Leaving Anguilla in about 4 hrs. Anguilla is very nice but it's not St. Barts.  Been here for a week and now heading to sbh for another week.  Can't wait to arrive.  How's the weather been?  It was very breezy and cool here on Anguilla.

----------


## andynap

How are you getting to SBH- thru SXM? Anguilla does have superior beaches tho.

----------


## rodndonna

Andy. How's it going?  We chartered a flight directly from Anguilla to sbh so should be an easy travel day. The beaches are amazing on Anguilla. Definitely nicer than sbh. Have to give props for that.

----------


## andynap

Have a safe flight and SBH stay.

----------


## marybeth

Rod, was this your first time in Anguilla? We've talked about doing a split trip, but the transit between was one reason it never happened. Safe travels to SBH!

mb

----------


## Karen

Rod, we've only been here two days, but it has been very breezy and warm.  Very little to no rain in months, is what I hear from others.  We actually had a shower early this morning.  It's clear now.  Safe flight!

----------


## elgreaux

welcome back Rod and Donna.. how long are you staying?

----------


## dadto6

I miss Geraud's for breakfast and Veya for dinner, the beaches too.  However, St. Bart's is a better overall experience IMHO.  Have not been back to Anguilla.  Can't wait to arrive in 5-weeks.  Hope it is cool and breezy.

----------


## BBT

Rod and Donna we will keep our eyes open for you and the Entourage

----------


## stbartshopper

Enjoy your time in SBH!

----------


## rodndonna

> Rod, was this your first time in Anguilla? We've talked about doing a split trip, but the transit between was one reason it never happened. Safe travels to SBH!
> 
> mb



Marybeth. How are you?  Easiest travel day ever. We left our villa on Anguilla at 10:00 AM and were in our SBH villa at 12:00 PM. Very easy if you fly. Since there were 6 of us it was cheaper to charter a flight but it's around $150 pp to fly.  Otherwise you would need to take two taxis and two ferries and I would advise against that. Although I absolutely despised Anguilla for the first 3 or 4 days I grew to like Anguilla and would consider the split trip again. However, my bosses, all the women in my life, have already indicated that that will not be happening and that we will henceforth be doing SBH for the full trip.  So we shall see but most likely not seeing Anguilla again.  I would recommend it though as long as you fly.

----------


## rodndonna

> welcome back Rod and Donna.. how long are you staying?

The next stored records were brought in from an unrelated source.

text \<open>Multiplication = bilinear extension of concatenation (p then q).\<close>
definition pmult :: "nat \<Rightarrow> ('k::field) pel \<Rightarrow> 'k pel \<Rightarrow> 'k pel" where
  "pmult n f h = (\<lambda>p. if valid_path n p then
      (\<Sum>k\<le>length (snd p). f (fst p, take k (snd p)) *
                           h (walk_end n (fst p) (take k (snd p)), drop k (snd p)))
    else 0)"

definition padd :: "('k::field) pel \<Rightarrow> 'k pel \<Rightarrow> 'k pel" where
  "padd f h = (\<lambda>p. f p + h p)"

definition psub :: "('k::field) pel \<Rightarrow> 'k pel \<Rightarrow> 'k pel" where
  "psub f h = (\<lambda>p. f p - h p)"

definition pscale :: "'k::field \<Rightarrow> 'k pel \<Rightarrow> 'k pel" where
  "pscale c f = (\<lambda>p. c * f p)"

definition pzero :: "('k::field) pel" where
  "pzero = (\<lambda>p. 0)"

definition basis_el :: "path \<Rightarrow> ('k::field) pel" where
  "basis_el q = (\<lambda>p. if p = q then 1 else 0)"

definition vtx :: "nat \<Rightarrow> ('k::field) pel" where
  "vtx i = basis_el (i, [])"

definition arr :: "nat \<Rightarrow> arrow \<Rightarrow> ('k::field) pel" where
  "arr n a = basis_el (asrc n a, [a])"

definition one_el :: "nat \<Rightarrow> ('k::field) pel" where
  "one_el n = (\<lambda>p. if snd p = [] \<and> fst p < n then 1 else 0)"

definition rho :: "nat \<Rightarrow> nat \<Rightarrow> ('k::field) pel" where
  "rho n i = psub (pmult n (arr n (Bw i)) (arr n (Fw i)))
                  (pmult n (arr n (Fw (Suc i mod n))) (arr n (Bw (Suc i mod n))))"

definition is_ideal :: "nat \<Rightarrow> ('k::field) pel set \<Rightarrow> bool" where
  "is_ideal n I \<longleftrightarrow> I \<subseteq> path_alg n \<and> pzero \<in> I \<and>
     (\<forall>f\<in>I. \<forall>h\<in>I. padd f h \<in> I) \<and> (\<forall>c. \<forall>f\<in>I. pscale c f \<in> I) \<and>
     (\<forall>f\<in>I. \<forall>u\<in>path_alg n. pmult n u f \<in> I \<and> pmult n f u \<in> I)"

definition Omega :: "nat \<Rightarrow> ('k::field) pel set" where
  "Omega n = \<Inter>{I. is_ideal n I \<and> (\<forall>i<n. rho n i \<in> I)}"

text \<open>The action descends to Pi_Q = k Qbar/(Omega).\<close>
definition descends :: "nat \<Rightarrow> (('k::field) pel \<Rightarrow> 'k pel) \<Rightarrow> ('k pel \<Rightarrow> 'k pel) \<Rightarrow> bool" where
  "descends n phi dlt \<longleftrightarrow> phi ` Omega n \<subseteq> Omega n \<and> dlt ` Omega n \<subseteq> Omega n"

text \<open>phi is the action of g, dlt the action of x.  A T-module structure is given by
  operators satisfying the defining relations of T, and the module-algebra axioms
  follow from those on the generators g, x.\<close>
definition taft_module_algebra ::
  "nat \<Rightarrow> nat \<Rightarrow> nat \<Rightarrow> 'k::field \<Rightarrow> ('k pel \<Rightarrow> 'k pel) \<Rightarrow> ('k pel \<Rightarrow> 'k pel) \<Rightarrow> bool" where
  "taft_module_algebra n r m q phi dlt \<longleftrightarrow>
     (\<forall>f\<in>path_alg n. phi f \<in> path_alg n \<and> dlt f \<in> path_alg n) \<and>
     (\<forall>f\<in>path_alg n. \<forall>h\<in>path_alg n. phi (padd f h) = padd (phi f) (phi h) \<and>
                                      dlt (padd f h) = padd (dlt f) (dlt h)) \<and>
     (\<forall>c. \<forall>f\<in>path_alg n. phi (pscale c f) = pscale c (phi f) \<and> dlt (pscale c f) = pscale c (dlt f)) \<and>
     (\<forall>f\<in>path_alg n. \<forall>h\<in>path_alg n. phi (pmult n f h) = pmult n (phi f) (phi h)) \<and>
     (\<forall>f\<in>path_alg n. \<forall>h\<in>path_alg n.
          dlt (pmult n f h) = padd (pmult n f (dlt h)) (pmult n (dlt f) (phi h))) \<and>
     phi (one_el n) = one_el n \<and> dlt (one_el n) = pzero \<and>
     (\<forall>f\<in>path_alg n. phi (dlt f) = pscale q (dlt (phi f))) \<and>
     (\<forall>f\<in>path_alg n. (phi ^^ m) f = f) \<and>
     (\<forall>f\<in>path_alg n. (dlt ^^ r) f = pzero)"

definition linear_x_action :: "nat \<Rightarrow> (('k::field) pel \<Rightarrow> 'k pel) \<Rightarrow> bool" where
  "linear_x_action n dlt \<longleftrightarrow>
     (\<forall>i<n. \<forall>p. dlt (vtx i) p \<noteq> 0 \<longrightarrow> length (snd p) = 0) \<and>
     (\<forall>a. aidx a < n \<longrightarrow> (\<forall>p. dlt (arr n a) p \<noteq> 0 \<longrightarrow> length (snd p) \<le> 1))"

text \<open>Elements of T: coefficient functions t(a,b) for the basis g^a x^b,
  0 <= a < m, 0 <= b < r.\<close>
type_synonym 'k tel = "nat \<times> nat \<Rightarrow> 'k"
type_synonym 'k ttel = "(nat \<times> nat) \<times> (nat \<times> nat) \<Rightarrow> 'k"

definition tbasis :: "nat \<Rightarrow> nat \<Rightarrow> (nat \<times> nat) set" where
  "tbasis r m = {..<m} \<times> {..<r}"

definition tset :: "nat \<Rightarrow> nat \<Rightarrow> ('k::field) tel set" where
  "tset r m = {t. \<forall>p. t p \<noteq> 0 \<longrightarrow> p \<in> tbasis r m}"

definition tb :: "nat \<times> nat \<Rightarrow> ('k::field) tel" where
  "tb p = (\<lambda>u. if u = p then 1 else 0)"

text \<open>g^a x^b * g^c x^d = q^(-bc) g^(a+c) x^(b+d), since x g = q^(-1) g x.\<close>
definition bprod :: "nat \<Rightarrow> nat \<Rightarrow> 'k::field \<Rightarrow> nat \<times> nat \<Rightarrow> nat \<times> nat \<Rightarrow> 'k tel" where
  "bprod r m q p p' = (if snd p + snd p' < r
      then (\<lambda>u. if u = ((fst p + fst p') mod m, snd p + snd p') then (inverse q) ^ (snd p * fst p') else 0)
      else (\<lambda>u. 0))"

definition tmul :: "nat \<Rightarrow> nat \<Rightarrow> 'k::field \<Rightarrow> 'k tel \<Rightarrow> 'k tel \<Rightarrow> 'k tel" where
  "tmul r m q t s = (\<lambda>u. \<Sum>p\<in>tbasis r m. \<Sum>p'\<in>tbasis r m. t p * s p' * bprod r m q p p' u)"

definition tpow :: "nat \<Rightarrow> nat \<Rightarrow> 'k::field \<Rightarrow> 'k tel \<Rightarrow> nat \<Rightarrow> 'k tel" where
  "tpow r m q t k = (tmul r m q t ^^ k) (tb (0, 0))"

definition ttens :: "('k::field) tel \<Rightarrow> 'k tel \<Rightarrow> 'k ttel" where
  "ttens t s = (\<lambda>w. t (fst w) * s (snd w))"

definition ttmul :: "nat \<Rightarrow> nat \<Rightarrow> 'k::field \<Rightarrow> 'k ttel \<Rightarrow> 'k ttel \<Rightarrow> 'k ttel" where
  "ttmul r m q F G = (\<lambda>w. \<Sum>p\<in>tbasis r m. \<Sum>p2\<in>tbasis r m. \<Sum>p'\<in>tbasis r m. \<Sum>p2'\<in>tbasis r m.
       F (p, p2) * G (p', p2') * bprod r m q p p' (fst w) * bprod r m q p2 p2' (snd w))"

definition ttpow :: "nat \<Rightarrow> nat \<Rightarrow> 'k::field \<Rightarrow> 'k ttel \<Rightarrow> nat \<Rightarrow> 'k ttel" where
  "ttpow r m q F k = (ttmul r m q F ^^ k) (ttens (tb (0, 0)) (tb (0, 0)))"

text \<open>Comultiplication: algebra map with Delta g = g (x) g, Delta x = 1 (x) x + x (x) g.\<close>
definition tcomult :: "nat \<Rightarrow> nat \<Rightarrow> 'k::field \<Rightarrow> 'k tel \<Rightarrow> 'k ttel" where
  "tcomult r m q t = (\<lambda>w. \<Sum>p\<in>tbasis r m. t p *
      ttmul r m q (ttpow r m q (ttens (tb (1 mod m, 0)) (tb (1 mod m, 0))) (fst p))
                  (ttpow r m q (\<lambda>w'. ttens (tb (0, 0)) (tb (0, 1)) w' + ttens (tb (0, 1)) (tb (1 mod m, 0)) w')
                                (snd p)) w)"

definition tcounit :: "nat \<Rightarrow> ('k::field) tel \<Rightarrow> 'k" where
  "tcounit m t = (\<Sum>a<m. t (a, 0))"

text \<open>Antipode: anti-algebra map with S g = g^(-1) = g^(m-1), S x = - x g^(-1);
  S(g^a x^b) = S(x)^b S(g)^a.\<close>
definition tantipode :: "nat \<Rightarrow> nat \<Rightarrow> 'k::field \<Rightarrow> 'k tel \<Rightarrow> 'k tel" where
  "tantipode r m q t = (\<lambda>u. \<Sum>p\<in>tbasis r m. t p *
      tmul r m q (tpow r m q (\<lambda>v. - tmul r m q (tb (0, 1)) (tb ((m - 1) mod m, 0)) v) (snd p))
                 (tpow r m q (tb ((m - 1) mod m, 0)) (fst p)) u)"

definition ttspan :: "('k::field) ttel set \<Rightarrow> 'k ttel set" where
  "ttspan X = {F. \<exists>S c. finite S \<and> S \<subseteq> X \<and> F = (\<lambda>w. \<Sum>v\<in>S. c v * v w)}"

definition hopf_ideal :: "nat \<Rightarrow> nat \<Rightarrow> 'k::field \<Rightarrow> 'k tel set \<Rightarrow> bool" where
  "hopf_ideal r m q I \<longleftrightarrow>
     I \<subseteq> tset r m \<and> (\<lambda>u. 0) \<in> I \<and>
     (\<forall>t\<in>I. \<forall>s\<in>I. (\<lambda>u. t u + s u) \<in> I) \<and> (\<forall>c. \<forall>t\<in>I. (\<lambda>u. c * t u) \<in> I) \<and>
     (\<forall>t\<in>I. \<forall>s\<in>tset r m. tmul r m q s t \<in> I \<and> tmul r m q t s \<in> I) \<and>
     (\<forall>t\<in>I. tcomult r m q t \<in>
        ttspan {ttens u v | u v. (u \<in> I \<and> v \<in> tset r m) \<or> (u \<in> tset r m \<and> v \<in> I)}) \<and>
     (\<forall>t\<in>I. tcounit m t = 0) \<and>
     (\<forall>t\<in>I. tantipode r m q t \<in> I)"

definition tact :: "nat \<Rightarrow> nat \<Rightarrow> ('k::field pel \<Rightarrow> 'k pel) \<Rightarrow> ('k pel \<Rightarrow> 'k pel) \<Rightarrow> 'k tel \<Rightarrow> 'k pel \<Rightarrow> 'k pel" where
  "tact r m phi dlt t f = (\<lambda>p. \<Sum>ab\<in>tbasis r m. t ab * (phi ^^ fst ab) ((dlt ^^ snd ab) f) p)"

definition inner_faithful ::
  "nat \<Rightarrow> nat \<Rightarrow> nat \<Rightarrow> 'k::field \<Rightarrow> ('k pel \<Rightarrow> 'k pel) \<Rightarrow> ('k pel \<Rightarrow> 'k pel) \<Rightarrow> bool" where
  "inner_faithful n r m q phi dlt \<longleftrightarrow>
     \<not> (\<exists>I. hopf_ideal r m q I \<and> (\<exists>t\<in>I. t \<noteq> (\<lambda>u. 0)) \<and>
            (\<forall>t\<in>I. \<forall>f\<in>path_alg n. tact r m phi dlt t f = pzero))"

definition primitive_root :: "nat \<Rightarrow> 'k::field \<Rightarrow> bool" where
  "primitive_root r q \<longleftrightarrow> q ^ r = 1 \<and> (\<forall>k. 0 < k \<and> k < r \<longrightarrow> q ^ k \<noteq> 1)"

end

theory Submission
  imports Defs
begin

section \<open>The path algebra\<close>

lemma valid_path_Nil [simp]: "valid_path n (v, []) \<longleftrightarrow> v < n"
  by (simp add: valid_path_def)

lemma valid_path_single [simp]:
  "valid_path n (v, [a]) \<longleftrightarrow> v < n \<and> aidx a < n \<and> asrc n a = v"
  by (auto simp: valid_path_def)

lemma valid_path_pair [simp]:
  "valid_path n (v, [a, b]) \<longleftrightarrow>
     v < n \<and> aidx a < n \<and> aidx b < n \<and> asrc n a = v \<and> asrc n b = atgt n a"
  by (auto simp: valid_path_def)

lemma asrc_less: "aidx a < n \<Longrightarrow> asrc n a < n"
  by (cases a) auto

lemma atgt_less: "aidx a < n \<Longrightarrow> atgt n a < n"
  by (cases a) auto

lemma valid_path_Cons_tl: "valid_path n (v, a # as) \<Longrightarrow> valid_path n (atgt n a, as)"
  by (auto simp: valid_path_def atgt_less)

lemma path_cases:
  obtains (invalid) "\<not> valid_path n p"
  | (Nil) w where "p = (w, [])" "w < n"
  | (single) w b where "p = (w, [b])" "valid_path n (w, [b])"
  | (long) w b c cs where "p = (w, b # c # cs)"
proof -
  obtain w bs where p: "p = (w, bs)" by (cases p)
  show ?thesis
  proof (cases "valid_path n p")
    case True
    then show ?thesis using that p by (cases bs rule: remdups_adj.cases) auto
  qed (use that in blast)
qed

lemma padd_apply [simp]: "padd f h p = f p + h p"
  by (simp add: padd_def)

lemma psub_apply [simp]: "psub f h p = f p - h p"
  by (simp add: psub_def)

lemma pscale_apply [simp]: "pscale c f p = c * f p"
  by (simp add: pscale_def)

lemma pzero_apply: "pzero p = 0"
  by (simp add: pzero_def)

lemma padd_pzero_left [simp]: "padd pzero f = f"
  by (simp add: fun_eq_iff pzero_apply)

lemma padd_pzero_right [simp]: "padd f pzero = f"
  by (simp add: fun_eq_iff pzero_apply)

lemma vtx_apply: "vtx i p = (if p = (i, []) then 1 else 0)"
  by (simp add: vtx_def basis_el_def)

lemma arr_apply: "arr n a p = (if p = (asrc n a, [a]) then 1 else 0)"
  by (simp add: arr_def basis_el_def)

lemma psub_eq_padd_pscale: "psub f h = padd f (pscale (-1) h)"
  by (simp add: fun_eq_iff)

lemma sum_single_support:
  assumes "finite A" and "\<And>x. x \<in> A \<Longrightarrow> x \<noteq> a \<Longrightarrow> g x = 0"
  shows "sum g A = (if a \<in> A then g a else 0)"
proof -
  have "sum g A = (\<Sum>x\<in>A. if x = a then g x else 0)"
    using assms(2) by (intro sum.cong) auto
  then show ?thesis
    by (simp add: sum.delta[OF assms(1)])
qed

lemma pmult_Nil: "pmult n f h (v, []) = (if v < n then f (v, []) * h (v, []) else 0)"
  by (simp add: pmult_def)

lemma pmult_single:
  "pmult n f h (v, [a]) = (if valid_path n (v, [a])
     then f (v, []) * h (v, [a]) + f (v, [a]) * h (atgt n a, []) else 0)"
  unfolding pmult_def by (simp add: atMost_Suc)

lemma pmult_pair:
  "pmult n f h (v, [a, b]) = (if valid_path n (v, [a, b])
     then f (v, []) * h (v, [a, b]) + f (v, [a]) * h (atgt n a, [b]) + f (v, [a, b]) * h (atgt n b, [])
     else 0)"
  unfolding pmult_def by (simp add: atMost_Suc numeral_2_eq_2 add.assoc)

lemma pmult_pzero_left [simp]: "pmult n pzero h = pzero"
  by (simp add: pmult_def fun_eq_iff pzero_apply)

lemma pmult_pzero_right [simp]: "pmult n f pzero = pzero"
  by (simp add: pmult_def fun_eq_iff pzero_apply)

lemma pmult_pscale_left: "pmult n (pscale c f) h = pscale c (pmult n f h)"
  by (simp add: pmult_def fun_eq_iff sum_distrib_left mult.assoc)

lemma pmult_pscale_right: "pmult n f (pscale c h) = pscale c (pmult n f h)"
  by (simp add: pmult_def fun_eq_iff sum_distrib_left mult.left_commute)

lemma pmult_vtx_left:
  "pmult n (vtx v) h p = (if valid_path n p \<and> fst p = v then h p else 0)"
proof (cases "valid_path n p")
  case True
  obtain w as where p: "p = (w, as)" by (cases p)
  have "pmult n (vtx v) h p
      = (\<Sum>k\<le>length as. vtx v (w, take k as) * h (walk_end n w (take k as), drop k as))"
    using True p by (simp add: pmult_def)
  also have "\<dots> = (if 0 \<in> {..length as} then vtx v (w, []) * h (w, as) else 0)"
    by (subst sum_single_support[where a = 0]) (auto simp: vtx_apply)
  finally show ?thesis using True p by (simp add: vtx_apply)
qed (simp add: pmult_def)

Thanks Ellen. So happy to be back. We leave Thursday morning but don want to think about that now.

----------


## rodndonna

> Rod and Donna we will keep our eyes open for you and the Entourage



Just look for a lot of shopping bags.

----------


## Karen

> Just look for a lot of shopping bags.



We are headed to Gustavia in a few for our morning stroll.  You should be easy to spot.  :Wink:

----------